▸ **Task statement**
Your answer must be a single number: how many lines in the records include the word "with".

▸ **Excerpted data**
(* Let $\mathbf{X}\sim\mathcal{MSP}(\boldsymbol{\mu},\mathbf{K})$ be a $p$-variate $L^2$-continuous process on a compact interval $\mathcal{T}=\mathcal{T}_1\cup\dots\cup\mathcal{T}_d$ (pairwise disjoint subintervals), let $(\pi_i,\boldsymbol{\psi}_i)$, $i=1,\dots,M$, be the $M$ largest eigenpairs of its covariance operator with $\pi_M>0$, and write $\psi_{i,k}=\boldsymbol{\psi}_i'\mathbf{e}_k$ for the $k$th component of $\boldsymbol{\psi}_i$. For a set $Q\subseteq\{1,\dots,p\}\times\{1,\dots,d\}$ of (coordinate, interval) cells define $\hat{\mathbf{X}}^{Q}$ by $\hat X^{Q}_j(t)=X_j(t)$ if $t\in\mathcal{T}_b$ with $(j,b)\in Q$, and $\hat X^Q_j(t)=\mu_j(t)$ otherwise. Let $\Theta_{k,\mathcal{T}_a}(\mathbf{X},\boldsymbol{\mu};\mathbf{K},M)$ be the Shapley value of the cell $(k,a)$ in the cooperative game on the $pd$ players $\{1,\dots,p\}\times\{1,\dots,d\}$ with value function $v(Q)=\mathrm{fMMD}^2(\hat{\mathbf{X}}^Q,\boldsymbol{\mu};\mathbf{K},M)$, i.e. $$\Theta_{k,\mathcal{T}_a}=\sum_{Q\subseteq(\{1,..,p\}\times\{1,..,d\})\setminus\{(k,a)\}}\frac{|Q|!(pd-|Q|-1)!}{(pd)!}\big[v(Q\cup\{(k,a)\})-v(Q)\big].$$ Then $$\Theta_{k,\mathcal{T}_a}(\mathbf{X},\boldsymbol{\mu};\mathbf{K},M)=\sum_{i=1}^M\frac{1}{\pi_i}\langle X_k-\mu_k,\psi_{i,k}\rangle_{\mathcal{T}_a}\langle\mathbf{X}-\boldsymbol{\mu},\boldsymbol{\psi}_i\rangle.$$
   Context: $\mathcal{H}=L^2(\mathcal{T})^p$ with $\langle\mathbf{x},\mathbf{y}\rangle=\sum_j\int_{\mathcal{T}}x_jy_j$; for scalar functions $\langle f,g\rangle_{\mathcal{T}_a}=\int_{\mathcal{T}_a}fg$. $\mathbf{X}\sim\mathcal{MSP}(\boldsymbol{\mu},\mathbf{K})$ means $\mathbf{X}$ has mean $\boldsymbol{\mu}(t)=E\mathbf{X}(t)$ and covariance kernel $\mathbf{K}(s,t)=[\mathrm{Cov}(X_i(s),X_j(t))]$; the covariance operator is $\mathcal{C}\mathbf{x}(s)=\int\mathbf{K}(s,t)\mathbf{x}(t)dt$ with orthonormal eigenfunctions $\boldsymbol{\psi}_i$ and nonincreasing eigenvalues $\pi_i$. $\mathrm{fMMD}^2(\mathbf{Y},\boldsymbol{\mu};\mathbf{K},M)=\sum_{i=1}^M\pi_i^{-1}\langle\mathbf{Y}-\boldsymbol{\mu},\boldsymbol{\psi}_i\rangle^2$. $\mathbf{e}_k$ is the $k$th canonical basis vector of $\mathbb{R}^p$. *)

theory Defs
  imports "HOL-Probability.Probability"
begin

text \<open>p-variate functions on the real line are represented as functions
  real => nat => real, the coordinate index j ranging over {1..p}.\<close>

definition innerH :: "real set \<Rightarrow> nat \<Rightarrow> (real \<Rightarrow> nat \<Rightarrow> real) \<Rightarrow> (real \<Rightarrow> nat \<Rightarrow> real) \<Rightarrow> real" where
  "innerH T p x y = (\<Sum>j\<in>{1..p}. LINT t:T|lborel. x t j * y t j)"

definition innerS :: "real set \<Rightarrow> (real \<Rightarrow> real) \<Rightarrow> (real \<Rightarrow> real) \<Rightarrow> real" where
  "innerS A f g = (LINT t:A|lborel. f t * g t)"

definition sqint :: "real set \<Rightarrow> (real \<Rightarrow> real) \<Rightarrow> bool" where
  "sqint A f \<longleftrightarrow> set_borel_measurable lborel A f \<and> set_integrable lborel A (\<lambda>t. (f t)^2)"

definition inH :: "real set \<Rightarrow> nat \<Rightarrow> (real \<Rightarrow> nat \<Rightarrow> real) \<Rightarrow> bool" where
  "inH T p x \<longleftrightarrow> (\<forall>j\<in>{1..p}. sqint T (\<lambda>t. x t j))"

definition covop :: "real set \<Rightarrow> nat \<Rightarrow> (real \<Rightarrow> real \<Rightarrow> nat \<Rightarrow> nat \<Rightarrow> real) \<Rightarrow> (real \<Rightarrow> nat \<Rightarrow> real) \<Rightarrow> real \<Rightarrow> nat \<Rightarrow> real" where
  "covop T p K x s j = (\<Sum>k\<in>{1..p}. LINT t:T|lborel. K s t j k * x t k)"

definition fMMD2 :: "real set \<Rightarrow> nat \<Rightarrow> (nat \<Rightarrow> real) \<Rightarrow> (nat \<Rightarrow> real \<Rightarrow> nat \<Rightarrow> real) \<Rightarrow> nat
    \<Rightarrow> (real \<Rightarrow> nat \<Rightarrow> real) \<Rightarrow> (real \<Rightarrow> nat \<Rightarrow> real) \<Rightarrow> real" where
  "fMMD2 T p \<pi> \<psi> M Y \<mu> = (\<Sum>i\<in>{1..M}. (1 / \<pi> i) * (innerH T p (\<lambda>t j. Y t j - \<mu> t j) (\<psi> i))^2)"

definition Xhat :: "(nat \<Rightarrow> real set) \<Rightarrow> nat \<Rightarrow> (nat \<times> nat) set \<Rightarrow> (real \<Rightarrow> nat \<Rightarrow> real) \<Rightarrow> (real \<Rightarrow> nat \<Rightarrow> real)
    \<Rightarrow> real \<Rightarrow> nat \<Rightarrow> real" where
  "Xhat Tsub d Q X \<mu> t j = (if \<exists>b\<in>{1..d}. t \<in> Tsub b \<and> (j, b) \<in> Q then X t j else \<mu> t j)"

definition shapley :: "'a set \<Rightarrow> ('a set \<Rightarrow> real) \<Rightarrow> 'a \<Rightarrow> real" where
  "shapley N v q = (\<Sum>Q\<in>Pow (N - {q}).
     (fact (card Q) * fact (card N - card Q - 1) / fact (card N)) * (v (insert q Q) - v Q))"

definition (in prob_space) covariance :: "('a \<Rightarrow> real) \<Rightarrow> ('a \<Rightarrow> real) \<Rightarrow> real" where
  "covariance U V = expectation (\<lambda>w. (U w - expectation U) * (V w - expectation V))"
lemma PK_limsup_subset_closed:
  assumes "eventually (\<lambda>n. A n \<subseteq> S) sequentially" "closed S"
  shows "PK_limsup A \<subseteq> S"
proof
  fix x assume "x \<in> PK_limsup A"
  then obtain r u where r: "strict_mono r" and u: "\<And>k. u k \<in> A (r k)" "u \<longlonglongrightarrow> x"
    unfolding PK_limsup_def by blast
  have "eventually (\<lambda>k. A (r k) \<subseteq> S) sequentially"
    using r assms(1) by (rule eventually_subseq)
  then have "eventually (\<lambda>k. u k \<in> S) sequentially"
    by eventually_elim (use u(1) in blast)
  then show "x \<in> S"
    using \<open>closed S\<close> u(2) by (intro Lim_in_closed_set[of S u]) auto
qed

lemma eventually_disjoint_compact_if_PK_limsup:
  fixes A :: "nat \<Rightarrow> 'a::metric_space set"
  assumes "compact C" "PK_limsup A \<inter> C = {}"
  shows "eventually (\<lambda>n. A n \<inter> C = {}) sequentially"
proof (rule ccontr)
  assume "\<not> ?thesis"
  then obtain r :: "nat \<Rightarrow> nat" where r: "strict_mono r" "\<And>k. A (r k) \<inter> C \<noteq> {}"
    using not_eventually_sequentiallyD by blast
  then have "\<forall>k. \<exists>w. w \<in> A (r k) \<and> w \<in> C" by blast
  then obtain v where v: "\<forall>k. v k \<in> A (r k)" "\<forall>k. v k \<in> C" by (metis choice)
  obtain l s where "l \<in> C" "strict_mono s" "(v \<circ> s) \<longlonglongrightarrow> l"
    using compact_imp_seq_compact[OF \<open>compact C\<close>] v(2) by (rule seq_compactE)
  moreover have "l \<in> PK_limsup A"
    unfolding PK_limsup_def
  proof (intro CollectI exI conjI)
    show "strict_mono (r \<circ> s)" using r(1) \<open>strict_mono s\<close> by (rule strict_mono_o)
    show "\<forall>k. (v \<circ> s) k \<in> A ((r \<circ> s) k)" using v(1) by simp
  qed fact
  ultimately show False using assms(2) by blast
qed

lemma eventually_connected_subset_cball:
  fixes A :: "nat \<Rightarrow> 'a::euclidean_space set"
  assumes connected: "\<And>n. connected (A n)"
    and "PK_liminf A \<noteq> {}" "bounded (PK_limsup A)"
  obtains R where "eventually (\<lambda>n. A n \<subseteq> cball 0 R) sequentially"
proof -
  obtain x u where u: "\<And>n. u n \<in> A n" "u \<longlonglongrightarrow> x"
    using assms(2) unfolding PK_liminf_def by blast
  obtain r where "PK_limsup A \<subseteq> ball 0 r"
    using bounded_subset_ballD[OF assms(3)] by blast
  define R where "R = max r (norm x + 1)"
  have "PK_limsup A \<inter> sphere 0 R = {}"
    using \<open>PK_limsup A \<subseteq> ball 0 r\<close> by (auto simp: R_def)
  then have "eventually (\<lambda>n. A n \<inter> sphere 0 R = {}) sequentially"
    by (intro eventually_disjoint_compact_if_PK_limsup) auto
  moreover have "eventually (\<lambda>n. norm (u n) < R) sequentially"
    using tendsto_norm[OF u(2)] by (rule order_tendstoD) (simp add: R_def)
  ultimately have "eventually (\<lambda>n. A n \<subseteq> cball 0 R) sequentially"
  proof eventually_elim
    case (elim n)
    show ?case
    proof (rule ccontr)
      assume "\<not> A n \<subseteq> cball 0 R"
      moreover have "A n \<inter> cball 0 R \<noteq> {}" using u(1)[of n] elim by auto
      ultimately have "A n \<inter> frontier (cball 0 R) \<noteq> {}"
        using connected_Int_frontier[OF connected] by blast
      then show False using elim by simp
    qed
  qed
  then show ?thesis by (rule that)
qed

▸ **Answer area**
2